> Work instructions: Of all the entries below, retype only the lines from the one with "using integrable_state_dist[of n" through the one with "fixes a b d bias_const bias_slope :: real", exactly as they appear.

Stored data
• • • • •

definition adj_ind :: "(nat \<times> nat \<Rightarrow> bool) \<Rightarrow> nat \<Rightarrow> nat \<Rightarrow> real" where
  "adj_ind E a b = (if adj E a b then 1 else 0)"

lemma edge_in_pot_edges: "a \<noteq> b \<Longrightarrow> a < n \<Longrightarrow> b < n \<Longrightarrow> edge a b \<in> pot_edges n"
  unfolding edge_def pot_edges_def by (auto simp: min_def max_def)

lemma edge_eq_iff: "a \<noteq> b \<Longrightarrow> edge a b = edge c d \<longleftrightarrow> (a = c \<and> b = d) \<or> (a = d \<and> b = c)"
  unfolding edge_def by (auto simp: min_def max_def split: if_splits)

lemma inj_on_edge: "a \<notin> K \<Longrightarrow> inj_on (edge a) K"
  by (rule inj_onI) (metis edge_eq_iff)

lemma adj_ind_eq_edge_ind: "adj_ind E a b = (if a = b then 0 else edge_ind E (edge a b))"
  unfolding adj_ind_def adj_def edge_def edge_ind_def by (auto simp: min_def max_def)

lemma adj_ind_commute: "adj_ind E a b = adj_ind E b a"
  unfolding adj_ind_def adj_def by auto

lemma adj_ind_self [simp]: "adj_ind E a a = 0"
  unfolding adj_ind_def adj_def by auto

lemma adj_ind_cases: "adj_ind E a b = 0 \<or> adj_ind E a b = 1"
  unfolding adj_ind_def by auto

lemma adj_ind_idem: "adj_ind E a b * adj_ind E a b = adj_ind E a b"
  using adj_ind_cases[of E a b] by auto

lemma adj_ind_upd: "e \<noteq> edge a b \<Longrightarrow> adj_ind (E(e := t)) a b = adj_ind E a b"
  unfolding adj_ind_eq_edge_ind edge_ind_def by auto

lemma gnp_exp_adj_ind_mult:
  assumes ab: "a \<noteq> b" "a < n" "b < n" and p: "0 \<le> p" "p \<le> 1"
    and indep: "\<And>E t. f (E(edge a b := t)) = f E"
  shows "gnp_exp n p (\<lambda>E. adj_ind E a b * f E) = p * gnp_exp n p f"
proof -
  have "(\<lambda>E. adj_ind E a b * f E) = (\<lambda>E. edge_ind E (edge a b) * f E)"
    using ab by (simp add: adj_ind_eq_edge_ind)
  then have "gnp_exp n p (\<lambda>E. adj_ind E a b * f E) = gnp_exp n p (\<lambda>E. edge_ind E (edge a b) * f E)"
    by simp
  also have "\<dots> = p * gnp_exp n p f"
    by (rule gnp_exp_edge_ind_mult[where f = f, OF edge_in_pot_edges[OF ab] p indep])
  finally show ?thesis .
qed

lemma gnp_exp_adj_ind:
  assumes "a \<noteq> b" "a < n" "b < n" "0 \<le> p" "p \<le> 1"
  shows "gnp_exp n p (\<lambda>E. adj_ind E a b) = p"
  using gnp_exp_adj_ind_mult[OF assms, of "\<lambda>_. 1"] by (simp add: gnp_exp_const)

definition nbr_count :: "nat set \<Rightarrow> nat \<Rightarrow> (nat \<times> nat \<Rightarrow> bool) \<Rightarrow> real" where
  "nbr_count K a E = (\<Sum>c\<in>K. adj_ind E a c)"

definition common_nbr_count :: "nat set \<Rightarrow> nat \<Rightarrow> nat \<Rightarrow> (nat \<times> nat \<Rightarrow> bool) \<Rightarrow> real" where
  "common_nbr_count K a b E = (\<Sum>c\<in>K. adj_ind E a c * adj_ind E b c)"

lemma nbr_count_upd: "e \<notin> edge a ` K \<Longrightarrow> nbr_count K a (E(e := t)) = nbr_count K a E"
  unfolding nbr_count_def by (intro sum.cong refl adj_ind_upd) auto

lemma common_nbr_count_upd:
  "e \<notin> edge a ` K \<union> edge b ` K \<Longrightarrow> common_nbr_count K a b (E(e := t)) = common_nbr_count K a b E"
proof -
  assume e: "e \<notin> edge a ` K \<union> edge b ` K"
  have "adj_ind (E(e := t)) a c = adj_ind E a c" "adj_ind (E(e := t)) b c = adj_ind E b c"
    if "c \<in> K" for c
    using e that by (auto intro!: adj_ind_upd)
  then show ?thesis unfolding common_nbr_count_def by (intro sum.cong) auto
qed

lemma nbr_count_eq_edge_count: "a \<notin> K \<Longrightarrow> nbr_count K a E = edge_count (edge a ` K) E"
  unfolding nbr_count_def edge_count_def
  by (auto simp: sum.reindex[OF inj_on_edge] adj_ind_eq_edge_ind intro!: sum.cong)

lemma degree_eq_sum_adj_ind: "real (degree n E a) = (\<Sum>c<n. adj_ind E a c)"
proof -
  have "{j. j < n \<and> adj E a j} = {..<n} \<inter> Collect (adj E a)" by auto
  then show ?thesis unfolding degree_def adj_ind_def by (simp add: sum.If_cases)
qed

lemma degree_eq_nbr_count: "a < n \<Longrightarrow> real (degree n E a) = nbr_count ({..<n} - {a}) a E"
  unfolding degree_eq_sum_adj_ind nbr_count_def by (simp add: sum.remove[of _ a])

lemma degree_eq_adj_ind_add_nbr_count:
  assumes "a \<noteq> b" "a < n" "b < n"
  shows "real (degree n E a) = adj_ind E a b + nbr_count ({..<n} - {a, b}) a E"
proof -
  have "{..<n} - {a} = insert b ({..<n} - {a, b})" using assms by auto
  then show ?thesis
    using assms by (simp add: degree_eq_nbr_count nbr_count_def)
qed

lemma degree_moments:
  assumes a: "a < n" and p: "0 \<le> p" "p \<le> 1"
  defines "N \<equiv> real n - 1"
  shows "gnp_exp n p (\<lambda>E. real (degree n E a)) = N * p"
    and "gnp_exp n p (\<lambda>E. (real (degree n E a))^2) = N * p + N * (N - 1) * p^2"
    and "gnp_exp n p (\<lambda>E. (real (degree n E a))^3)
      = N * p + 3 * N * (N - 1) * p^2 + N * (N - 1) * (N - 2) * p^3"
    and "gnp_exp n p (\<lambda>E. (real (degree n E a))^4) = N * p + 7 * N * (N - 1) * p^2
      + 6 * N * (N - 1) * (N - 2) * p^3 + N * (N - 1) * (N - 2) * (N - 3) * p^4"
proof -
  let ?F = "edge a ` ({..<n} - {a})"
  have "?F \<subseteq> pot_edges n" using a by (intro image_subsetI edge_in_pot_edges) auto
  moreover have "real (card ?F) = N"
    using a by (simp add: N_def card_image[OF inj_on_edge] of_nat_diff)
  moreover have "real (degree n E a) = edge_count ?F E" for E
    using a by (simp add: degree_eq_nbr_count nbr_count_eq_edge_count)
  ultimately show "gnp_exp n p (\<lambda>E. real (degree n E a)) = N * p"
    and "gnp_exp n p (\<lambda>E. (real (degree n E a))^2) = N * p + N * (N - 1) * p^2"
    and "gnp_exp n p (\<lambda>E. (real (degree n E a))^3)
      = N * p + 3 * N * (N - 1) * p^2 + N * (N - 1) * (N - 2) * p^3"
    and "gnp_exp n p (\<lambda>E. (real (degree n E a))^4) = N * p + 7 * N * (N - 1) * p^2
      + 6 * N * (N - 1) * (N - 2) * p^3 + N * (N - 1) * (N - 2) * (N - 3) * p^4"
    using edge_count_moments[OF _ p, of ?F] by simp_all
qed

• • • • •

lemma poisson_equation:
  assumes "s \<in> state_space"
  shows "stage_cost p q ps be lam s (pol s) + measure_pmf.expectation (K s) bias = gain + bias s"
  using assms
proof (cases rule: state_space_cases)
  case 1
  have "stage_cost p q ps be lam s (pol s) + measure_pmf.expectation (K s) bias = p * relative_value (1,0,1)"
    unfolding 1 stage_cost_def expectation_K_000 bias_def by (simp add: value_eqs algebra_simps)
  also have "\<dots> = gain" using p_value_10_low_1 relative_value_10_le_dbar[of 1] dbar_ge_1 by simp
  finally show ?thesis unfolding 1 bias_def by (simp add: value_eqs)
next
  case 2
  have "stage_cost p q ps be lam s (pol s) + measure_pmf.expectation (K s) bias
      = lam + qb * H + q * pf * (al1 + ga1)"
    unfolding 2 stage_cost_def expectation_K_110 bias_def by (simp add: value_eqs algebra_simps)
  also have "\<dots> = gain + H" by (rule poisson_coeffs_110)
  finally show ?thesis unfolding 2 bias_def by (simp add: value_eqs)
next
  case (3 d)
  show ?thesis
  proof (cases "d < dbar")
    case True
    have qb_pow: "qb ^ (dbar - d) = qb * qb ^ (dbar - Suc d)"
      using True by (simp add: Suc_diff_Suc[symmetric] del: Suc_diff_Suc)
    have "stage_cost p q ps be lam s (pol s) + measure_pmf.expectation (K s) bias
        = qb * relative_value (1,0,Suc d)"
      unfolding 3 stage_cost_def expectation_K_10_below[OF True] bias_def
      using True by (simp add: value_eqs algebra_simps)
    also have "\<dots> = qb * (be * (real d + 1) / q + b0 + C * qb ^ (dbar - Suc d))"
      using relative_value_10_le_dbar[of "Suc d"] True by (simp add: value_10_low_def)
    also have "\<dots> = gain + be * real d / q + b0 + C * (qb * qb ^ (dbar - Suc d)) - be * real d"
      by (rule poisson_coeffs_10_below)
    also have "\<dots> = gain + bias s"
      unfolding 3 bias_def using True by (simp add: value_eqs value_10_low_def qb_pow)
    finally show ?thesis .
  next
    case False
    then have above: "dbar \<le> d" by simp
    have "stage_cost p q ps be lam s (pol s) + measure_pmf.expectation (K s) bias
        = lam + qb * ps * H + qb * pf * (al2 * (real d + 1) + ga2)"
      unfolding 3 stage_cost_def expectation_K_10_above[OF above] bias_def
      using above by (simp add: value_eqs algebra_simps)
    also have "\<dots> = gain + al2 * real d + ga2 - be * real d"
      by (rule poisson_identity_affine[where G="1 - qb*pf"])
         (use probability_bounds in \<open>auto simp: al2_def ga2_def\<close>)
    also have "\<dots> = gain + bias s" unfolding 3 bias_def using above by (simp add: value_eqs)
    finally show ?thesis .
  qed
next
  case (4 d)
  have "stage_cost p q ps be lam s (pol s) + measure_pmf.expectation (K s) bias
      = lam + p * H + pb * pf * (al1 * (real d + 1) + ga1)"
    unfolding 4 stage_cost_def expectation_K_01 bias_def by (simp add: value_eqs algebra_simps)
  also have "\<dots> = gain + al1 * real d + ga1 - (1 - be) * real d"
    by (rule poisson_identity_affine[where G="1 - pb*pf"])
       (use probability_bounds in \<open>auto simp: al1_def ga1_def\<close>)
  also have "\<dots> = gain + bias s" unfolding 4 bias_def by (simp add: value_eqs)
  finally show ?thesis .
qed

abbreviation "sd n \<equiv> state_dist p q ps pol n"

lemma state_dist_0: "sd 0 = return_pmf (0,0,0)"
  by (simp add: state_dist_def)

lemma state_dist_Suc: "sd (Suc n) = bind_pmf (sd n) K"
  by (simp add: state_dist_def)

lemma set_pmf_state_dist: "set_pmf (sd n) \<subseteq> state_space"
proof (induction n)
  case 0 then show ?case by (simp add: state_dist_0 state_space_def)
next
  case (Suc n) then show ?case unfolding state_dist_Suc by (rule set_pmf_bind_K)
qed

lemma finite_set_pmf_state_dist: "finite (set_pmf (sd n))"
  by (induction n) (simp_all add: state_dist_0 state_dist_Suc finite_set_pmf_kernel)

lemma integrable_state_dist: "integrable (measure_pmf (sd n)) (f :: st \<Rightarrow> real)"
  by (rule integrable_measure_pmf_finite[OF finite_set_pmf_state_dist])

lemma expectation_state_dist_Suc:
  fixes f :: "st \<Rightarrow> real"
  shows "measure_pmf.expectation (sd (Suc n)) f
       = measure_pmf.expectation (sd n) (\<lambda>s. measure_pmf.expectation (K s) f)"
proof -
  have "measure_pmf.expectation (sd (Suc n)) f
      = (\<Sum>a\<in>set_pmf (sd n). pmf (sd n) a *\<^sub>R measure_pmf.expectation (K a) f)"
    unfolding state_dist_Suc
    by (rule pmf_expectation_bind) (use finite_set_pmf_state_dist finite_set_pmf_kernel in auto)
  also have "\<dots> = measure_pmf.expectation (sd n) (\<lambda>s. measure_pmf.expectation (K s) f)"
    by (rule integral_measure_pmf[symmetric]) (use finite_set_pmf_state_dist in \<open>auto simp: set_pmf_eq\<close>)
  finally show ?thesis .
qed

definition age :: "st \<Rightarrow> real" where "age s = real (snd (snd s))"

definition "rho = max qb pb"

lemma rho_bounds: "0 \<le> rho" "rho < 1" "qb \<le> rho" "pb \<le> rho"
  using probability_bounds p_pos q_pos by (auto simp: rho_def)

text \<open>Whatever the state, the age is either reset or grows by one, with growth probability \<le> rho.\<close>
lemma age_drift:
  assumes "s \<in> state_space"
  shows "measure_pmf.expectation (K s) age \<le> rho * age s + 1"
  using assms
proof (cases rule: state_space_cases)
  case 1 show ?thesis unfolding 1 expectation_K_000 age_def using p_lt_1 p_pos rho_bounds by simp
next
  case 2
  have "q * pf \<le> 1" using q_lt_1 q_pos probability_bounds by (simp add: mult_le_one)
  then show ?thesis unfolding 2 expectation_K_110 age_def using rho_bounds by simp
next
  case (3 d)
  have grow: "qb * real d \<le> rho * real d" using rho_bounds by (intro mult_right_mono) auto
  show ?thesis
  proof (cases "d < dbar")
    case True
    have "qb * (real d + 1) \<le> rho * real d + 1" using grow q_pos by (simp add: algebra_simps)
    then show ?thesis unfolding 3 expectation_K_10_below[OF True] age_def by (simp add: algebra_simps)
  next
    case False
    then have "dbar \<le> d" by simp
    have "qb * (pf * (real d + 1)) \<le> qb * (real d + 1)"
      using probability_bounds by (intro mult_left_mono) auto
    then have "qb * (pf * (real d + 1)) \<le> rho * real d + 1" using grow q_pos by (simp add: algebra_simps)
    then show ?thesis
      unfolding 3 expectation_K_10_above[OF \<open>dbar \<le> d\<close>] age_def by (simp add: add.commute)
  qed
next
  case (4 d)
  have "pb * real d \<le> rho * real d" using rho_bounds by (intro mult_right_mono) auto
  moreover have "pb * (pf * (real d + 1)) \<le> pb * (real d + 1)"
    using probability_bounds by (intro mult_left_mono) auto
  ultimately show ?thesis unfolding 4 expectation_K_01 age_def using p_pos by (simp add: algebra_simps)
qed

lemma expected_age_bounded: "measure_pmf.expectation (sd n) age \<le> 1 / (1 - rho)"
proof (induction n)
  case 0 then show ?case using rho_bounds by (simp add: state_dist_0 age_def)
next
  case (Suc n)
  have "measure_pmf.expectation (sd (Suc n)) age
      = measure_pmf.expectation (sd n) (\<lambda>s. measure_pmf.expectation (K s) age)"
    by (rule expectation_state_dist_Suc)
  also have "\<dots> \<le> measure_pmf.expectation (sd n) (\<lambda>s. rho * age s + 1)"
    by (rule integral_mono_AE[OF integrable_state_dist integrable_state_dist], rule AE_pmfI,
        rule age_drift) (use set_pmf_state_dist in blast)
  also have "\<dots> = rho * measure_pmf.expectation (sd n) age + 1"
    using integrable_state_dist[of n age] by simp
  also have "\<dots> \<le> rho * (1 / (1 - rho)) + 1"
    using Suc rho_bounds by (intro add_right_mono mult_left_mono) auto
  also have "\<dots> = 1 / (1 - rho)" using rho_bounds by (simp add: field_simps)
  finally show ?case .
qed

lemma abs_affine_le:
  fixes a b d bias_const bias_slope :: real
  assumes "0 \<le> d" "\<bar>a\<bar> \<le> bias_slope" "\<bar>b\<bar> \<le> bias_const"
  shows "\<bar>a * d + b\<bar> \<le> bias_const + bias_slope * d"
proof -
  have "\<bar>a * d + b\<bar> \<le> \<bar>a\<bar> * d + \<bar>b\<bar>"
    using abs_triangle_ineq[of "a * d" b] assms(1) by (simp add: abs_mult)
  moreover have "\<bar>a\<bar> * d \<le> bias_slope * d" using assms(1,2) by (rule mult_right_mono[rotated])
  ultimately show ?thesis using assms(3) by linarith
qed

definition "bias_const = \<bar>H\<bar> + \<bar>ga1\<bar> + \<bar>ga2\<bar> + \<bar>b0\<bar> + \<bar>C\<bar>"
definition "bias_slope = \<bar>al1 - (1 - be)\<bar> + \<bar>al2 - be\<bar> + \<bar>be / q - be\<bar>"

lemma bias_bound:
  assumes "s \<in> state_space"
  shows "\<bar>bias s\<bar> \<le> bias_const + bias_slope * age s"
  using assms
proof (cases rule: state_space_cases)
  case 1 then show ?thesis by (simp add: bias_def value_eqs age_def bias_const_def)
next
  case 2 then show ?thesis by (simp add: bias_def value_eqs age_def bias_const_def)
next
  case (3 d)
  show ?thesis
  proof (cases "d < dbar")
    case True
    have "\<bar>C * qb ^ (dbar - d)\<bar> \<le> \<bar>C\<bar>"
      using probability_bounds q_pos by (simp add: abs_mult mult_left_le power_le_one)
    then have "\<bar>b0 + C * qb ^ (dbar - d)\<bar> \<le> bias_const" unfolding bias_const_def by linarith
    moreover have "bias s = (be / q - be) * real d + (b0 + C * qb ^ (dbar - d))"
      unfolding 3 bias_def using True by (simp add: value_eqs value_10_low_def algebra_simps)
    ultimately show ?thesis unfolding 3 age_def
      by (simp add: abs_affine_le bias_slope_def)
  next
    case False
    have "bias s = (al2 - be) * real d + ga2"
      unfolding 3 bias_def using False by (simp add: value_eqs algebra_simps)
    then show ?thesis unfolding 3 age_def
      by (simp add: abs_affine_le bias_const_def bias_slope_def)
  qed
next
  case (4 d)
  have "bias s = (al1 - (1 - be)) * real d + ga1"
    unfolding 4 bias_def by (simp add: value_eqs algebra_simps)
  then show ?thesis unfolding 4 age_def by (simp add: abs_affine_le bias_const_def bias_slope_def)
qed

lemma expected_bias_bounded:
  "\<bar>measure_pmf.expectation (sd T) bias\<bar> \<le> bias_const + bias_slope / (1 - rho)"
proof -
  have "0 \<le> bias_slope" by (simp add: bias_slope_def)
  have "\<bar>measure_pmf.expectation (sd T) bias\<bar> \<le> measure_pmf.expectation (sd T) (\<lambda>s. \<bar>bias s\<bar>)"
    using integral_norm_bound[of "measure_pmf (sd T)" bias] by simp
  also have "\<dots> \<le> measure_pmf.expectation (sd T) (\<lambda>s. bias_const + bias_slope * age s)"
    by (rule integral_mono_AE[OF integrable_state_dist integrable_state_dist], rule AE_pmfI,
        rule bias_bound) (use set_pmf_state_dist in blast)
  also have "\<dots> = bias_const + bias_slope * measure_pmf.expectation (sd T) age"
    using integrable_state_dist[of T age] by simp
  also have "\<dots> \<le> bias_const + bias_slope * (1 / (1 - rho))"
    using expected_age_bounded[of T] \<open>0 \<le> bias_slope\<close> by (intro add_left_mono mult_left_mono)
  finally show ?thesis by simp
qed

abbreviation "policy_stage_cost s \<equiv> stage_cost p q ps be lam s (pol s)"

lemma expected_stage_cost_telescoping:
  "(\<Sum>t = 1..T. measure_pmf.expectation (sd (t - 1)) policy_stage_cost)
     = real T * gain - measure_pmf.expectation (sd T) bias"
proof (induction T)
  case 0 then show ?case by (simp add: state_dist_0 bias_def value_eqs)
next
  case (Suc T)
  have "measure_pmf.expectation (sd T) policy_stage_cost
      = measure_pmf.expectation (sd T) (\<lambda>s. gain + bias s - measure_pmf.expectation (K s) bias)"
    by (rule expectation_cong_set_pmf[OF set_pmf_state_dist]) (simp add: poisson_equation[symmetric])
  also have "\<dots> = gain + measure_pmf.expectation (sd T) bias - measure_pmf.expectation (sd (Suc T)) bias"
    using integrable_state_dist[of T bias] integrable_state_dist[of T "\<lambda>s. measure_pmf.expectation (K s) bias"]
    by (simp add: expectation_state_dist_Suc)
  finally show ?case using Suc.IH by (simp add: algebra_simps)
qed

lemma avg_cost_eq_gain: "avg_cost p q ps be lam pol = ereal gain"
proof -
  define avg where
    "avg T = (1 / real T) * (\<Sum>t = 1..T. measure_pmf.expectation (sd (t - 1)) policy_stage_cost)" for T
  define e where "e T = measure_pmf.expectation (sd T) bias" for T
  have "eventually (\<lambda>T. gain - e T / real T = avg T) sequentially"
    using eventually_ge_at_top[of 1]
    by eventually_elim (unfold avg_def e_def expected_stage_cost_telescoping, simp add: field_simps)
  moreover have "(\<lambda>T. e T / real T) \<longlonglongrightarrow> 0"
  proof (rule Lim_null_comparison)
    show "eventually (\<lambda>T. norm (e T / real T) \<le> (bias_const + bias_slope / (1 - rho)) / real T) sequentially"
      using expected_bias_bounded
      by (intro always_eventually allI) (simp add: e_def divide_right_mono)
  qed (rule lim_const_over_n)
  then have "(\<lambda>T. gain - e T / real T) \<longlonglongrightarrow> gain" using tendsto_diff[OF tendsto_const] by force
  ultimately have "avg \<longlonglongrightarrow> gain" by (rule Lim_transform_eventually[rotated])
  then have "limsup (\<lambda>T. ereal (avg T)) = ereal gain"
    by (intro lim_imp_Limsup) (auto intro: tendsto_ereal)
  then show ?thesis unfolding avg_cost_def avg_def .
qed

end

• • • • •

> Task answer:
    using integrable_state_dist[of n age] by simp
  also have "\<dots> \<le> rho * (1 / (1 - rho)) + 1"
    using Suc rho_bounds by (intro add_right_mono mult_left_mono) auto
  also have "\<dots> = 1 / (1 - rho)" using rho_bounds by (simp add: field_simps)
  finally show ?case .
qed

lemma abs_affine_le:
  fixes a b d bias_const bias_slope :: real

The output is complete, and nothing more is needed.